___ Data for this exercise

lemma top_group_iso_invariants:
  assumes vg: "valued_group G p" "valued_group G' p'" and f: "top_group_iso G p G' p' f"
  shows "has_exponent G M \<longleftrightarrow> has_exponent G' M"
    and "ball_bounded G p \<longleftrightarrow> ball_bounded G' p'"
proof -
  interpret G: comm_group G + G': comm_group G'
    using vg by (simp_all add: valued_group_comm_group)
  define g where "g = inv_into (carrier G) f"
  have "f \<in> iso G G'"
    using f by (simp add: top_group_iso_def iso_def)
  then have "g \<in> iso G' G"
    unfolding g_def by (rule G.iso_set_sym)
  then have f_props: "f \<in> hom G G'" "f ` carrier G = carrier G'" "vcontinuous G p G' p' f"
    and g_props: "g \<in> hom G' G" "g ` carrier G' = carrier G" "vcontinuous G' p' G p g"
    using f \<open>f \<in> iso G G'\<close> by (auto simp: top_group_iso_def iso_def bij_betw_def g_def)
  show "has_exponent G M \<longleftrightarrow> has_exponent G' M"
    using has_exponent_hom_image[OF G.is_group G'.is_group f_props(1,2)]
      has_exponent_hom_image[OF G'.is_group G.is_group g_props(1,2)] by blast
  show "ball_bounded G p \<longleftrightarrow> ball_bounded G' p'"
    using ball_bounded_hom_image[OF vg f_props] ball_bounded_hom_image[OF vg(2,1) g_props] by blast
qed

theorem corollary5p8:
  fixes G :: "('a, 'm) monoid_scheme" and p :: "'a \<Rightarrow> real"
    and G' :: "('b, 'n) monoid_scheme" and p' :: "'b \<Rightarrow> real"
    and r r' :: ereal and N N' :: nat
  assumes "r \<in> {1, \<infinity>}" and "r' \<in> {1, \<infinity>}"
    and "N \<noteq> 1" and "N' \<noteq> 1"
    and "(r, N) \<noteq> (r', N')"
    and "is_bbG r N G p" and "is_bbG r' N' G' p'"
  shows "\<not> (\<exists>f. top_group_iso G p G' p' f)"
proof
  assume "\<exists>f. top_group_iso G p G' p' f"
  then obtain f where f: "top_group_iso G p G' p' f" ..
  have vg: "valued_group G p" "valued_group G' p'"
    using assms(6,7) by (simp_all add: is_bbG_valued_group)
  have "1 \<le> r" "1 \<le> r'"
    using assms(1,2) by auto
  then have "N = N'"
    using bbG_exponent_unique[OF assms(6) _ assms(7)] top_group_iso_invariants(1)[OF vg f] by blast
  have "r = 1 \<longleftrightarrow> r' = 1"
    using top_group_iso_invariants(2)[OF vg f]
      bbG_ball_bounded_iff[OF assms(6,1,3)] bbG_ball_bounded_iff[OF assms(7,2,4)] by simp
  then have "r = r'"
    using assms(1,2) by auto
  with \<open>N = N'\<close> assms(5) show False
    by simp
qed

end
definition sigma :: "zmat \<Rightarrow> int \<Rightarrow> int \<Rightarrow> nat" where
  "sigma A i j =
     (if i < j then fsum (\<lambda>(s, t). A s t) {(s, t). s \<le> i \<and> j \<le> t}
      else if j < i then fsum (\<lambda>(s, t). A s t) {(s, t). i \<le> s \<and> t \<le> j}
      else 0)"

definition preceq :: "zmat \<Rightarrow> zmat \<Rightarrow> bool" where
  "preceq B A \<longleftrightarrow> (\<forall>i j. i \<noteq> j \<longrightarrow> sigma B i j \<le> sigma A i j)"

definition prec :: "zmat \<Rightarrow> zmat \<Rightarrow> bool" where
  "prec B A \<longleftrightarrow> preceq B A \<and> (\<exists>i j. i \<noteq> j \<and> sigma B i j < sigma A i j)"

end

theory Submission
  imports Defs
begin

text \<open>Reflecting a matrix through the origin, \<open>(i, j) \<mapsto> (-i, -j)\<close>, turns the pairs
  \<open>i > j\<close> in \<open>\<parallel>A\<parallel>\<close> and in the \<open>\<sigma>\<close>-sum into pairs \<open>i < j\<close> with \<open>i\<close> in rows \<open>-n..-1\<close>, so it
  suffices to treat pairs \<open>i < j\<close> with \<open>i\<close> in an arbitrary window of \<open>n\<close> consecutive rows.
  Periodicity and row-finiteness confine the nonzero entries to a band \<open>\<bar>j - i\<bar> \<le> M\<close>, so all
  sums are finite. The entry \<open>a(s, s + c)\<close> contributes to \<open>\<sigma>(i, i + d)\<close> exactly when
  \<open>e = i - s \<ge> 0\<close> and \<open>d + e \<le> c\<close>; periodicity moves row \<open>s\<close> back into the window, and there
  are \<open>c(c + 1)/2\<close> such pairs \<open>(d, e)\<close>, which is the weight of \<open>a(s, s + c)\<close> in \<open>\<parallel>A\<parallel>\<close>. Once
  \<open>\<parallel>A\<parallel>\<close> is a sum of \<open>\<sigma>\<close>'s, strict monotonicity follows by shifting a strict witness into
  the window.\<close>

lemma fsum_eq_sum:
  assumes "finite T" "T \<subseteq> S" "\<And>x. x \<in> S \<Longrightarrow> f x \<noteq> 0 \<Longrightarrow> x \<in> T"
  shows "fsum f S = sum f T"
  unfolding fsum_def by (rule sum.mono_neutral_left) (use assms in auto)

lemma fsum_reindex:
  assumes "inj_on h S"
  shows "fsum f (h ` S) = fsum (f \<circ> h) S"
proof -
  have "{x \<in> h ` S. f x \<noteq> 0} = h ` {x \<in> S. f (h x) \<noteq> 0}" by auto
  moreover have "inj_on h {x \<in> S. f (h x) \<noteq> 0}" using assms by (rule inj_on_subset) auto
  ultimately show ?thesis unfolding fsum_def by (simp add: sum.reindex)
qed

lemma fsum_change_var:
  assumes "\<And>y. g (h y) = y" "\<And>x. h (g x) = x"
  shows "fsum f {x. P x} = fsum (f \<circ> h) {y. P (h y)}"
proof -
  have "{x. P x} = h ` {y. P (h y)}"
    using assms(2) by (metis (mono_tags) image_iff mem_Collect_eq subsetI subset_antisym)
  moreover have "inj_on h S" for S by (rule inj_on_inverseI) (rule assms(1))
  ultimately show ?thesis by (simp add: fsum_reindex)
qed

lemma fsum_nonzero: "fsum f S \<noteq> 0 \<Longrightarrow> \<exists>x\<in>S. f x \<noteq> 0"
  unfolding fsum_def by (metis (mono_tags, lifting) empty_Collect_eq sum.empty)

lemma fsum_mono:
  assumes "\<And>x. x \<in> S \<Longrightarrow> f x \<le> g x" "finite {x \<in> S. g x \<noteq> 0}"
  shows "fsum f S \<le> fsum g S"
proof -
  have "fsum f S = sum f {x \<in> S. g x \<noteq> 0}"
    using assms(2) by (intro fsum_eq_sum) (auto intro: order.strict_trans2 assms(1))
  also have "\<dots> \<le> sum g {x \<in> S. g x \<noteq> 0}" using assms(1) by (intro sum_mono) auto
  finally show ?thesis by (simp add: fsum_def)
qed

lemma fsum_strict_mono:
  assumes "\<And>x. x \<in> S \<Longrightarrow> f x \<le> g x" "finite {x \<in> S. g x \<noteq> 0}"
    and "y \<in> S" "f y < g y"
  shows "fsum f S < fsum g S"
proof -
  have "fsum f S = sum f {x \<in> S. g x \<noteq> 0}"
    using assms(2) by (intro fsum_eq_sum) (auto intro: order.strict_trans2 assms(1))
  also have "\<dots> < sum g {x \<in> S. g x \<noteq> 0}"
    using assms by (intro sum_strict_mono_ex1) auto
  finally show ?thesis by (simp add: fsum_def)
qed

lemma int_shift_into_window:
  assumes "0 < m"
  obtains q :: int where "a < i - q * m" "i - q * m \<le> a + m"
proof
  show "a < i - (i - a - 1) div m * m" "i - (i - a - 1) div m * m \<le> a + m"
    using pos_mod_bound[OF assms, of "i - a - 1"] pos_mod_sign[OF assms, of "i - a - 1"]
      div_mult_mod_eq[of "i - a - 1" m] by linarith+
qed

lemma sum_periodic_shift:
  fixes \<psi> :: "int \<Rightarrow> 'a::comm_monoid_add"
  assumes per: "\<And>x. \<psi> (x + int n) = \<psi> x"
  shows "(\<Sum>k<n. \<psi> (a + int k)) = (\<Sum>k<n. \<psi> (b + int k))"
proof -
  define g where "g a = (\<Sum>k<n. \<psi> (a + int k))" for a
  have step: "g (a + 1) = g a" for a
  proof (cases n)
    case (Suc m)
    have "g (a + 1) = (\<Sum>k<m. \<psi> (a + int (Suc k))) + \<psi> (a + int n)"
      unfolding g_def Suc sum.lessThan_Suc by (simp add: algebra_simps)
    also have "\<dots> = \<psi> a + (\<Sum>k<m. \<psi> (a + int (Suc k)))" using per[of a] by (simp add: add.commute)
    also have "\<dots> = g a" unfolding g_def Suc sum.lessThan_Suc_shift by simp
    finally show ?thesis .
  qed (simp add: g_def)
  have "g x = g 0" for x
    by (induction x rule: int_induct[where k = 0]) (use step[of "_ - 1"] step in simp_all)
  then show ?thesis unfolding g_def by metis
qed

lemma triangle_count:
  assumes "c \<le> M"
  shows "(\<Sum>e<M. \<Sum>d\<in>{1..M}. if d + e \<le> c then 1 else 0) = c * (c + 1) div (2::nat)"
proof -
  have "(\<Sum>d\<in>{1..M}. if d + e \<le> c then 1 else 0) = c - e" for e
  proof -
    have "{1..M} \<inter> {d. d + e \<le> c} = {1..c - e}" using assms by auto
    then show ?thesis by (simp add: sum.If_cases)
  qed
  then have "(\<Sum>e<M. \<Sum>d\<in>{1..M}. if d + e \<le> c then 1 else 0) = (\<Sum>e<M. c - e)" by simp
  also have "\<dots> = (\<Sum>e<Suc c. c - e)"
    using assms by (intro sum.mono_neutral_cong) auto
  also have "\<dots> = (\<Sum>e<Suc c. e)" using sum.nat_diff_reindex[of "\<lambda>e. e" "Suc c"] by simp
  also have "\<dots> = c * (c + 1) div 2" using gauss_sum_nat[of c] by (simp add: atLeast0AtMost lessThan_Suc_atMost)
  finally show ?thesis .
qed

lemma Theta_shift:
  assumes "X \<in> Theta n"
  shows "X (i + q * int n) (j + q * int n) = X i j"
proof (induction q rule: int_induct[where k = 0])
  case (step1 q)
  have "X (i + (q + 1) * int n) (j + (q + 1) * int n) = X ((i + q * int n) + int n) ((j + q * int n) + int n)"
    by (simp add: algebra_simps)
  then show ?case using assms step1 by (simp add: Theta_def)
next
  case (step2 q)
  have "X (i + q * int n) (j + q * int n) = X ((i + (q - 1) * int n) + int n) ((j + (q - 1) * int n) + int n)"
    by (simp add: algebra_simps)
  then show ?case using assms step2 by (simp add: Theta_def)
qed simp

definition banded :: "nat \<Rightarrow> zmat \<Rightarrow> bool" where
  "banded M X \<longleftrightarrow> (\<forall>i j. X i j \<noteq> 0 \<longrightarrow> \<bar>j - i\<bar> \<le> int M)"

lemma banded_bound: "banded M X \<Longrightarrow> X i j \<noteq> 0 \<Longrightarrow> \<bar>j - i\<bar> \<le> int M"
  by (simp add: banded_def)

______

** What this task involves **
If a line in the entries contains "metis", copy it.

** Exercise answer **
    using assms(2) by (metis (mono_tags) image_iff mem_Collect_eq subsetI subset_antisym)
  unfolding fsum_def by (metis (mono_tags, lifting) empty_Collect_eq sum.empty)
  then show ?thesis unfolding g_def by metis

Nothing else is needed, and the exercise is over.